Difficile de dire si les poulets trouvent du goût aux fêtes de fin d’année. En tout cas, ils donnent bien du goût à ces fêtes, ces gallinacés qui sont mangés à toutes les sauces, à cette occasion. Ils sont même souvent le principal du menu : poulet rôti, braisé, piqué ou kédjénou de poulet, c'est-à-dire soupe de poulet. Au marché, on s’arrache ces volailles comme de petits pains auprès de vendeurs qui les exposent dans des cages. Les prix varient selon la qualité.
À cause du goût
« On a les pondeuses, les poulets qui pondent des œufs. Je fais une pondeuses à 5 000 francs CFA. C’est le même prix pour les poulets africains. On a les poulets de chair que je vends à 8 000 francs et les coquelets à 7 000 francs. Ici, les prix sont approximativement les mêmes. Mais il peut y avoir quelques différences. Cela dépend du fournisseur, car chacun à son fournisseur », nous explique Kouakou Yao, l’un de vendeurs de poulets à Tiébissou.

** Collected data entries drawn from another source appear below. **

lemma sorted_desc_indices_eq:
  fixes ys :: "'a::linorder list"
  assumes sorted: "sorted_wrt (\<ge>) ys" and s: "s \<in> set ys"
  shows "{i. i < length ys \<and> ys ! i = s} = {first_index ys s..<first_index ys s + count (mset ys) s}"
proof -
  define S where "S = {i. i < length ys \<and> ys ! i = s}"
  define j where "j = first_index ys s"
  define m where "m = Max S"
  have "finite S"
    by (simp add: S_def)
  have "j \<in> S"
    using first_index[OF s] by (simp add: S_def j_def)
  have "m \<in> S"
    unfolding m_def by (rule Max_in[OF \<open>finite S\<close>]) (use \<open>j \<in> S\<close> in blast)
  have "S = {j..m}"
  proof (intro equalityI subsetI)
    fix k assume k: "k \<in> S"
    then have "\<not> k < j"
      using first_index(3)[OF s, of k] by (auto simp: S_def j_def)
    moreover have "k \<le> m"
      unfolding m_def using \<open>finite S\<close> k by (rule Max_ge)
    ultimately show "k \<in> {j..m}"
      by simp
  next
    fix k assume k: "k \<in> {j..m}"
    have "m < length ys" "ys ! m = s" "ys ! j = s"
      using \<open>m \<in> S\<close> \<open>j \<in> S\<close> by (simp_all add: S_def)
    moreover have "ys ! k \<le> ys ! j" "ys ! m \<le> ys ! k"
      using k \<open>m < length ys\<close> by (auto intro!: sorted_desc_nth_mono[OF sorted])
    ultimately show "k \<in> S"
      using k by (simp add: S_def)
  qed
  moreover have "count (mset ys) s = card S"
    by (simp add: S_def count_mset count_list_eq_length_filter length_filter_conv_card eq_commute)
  ultimately show ?thesis
    using \<open>j \<in> S\<close> by (simp add: S_def j_def atLeastLessThanSuc_atLeastAtMost)
qed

Les prix peuvent être également liés, selon lui, à la qualité des volailles. Par exemple, il y a des poulets de chair de 10 000 et de 3 000 francs. Là, la différence se fait au niveau du poids. Un petit poulet africain peut être vendu plus cher qu’un gros poulet de chair à cause du goût. Ça c’est une autre différence.
« Une fête sans poulet est tout sauf une fête »
Cependant, chez les clients, les consommateurs, le choix du poulet se fait en fonction de diverses approches telles que le prix ou la qualité. « Tu es seul ou tu vis avec ta petite famille, tu peux prendre du poulet africain. Selon moi, c’est plus doux et même naturel que le poulet de chair de quarante jours. Mais si on est dans une grande famille, le choix sera vite fait pour le poulet de chair. Avec seulement trois gros poulets de chair, on aura de la viande en quantité pour tout le monde », nous dit un anonyme.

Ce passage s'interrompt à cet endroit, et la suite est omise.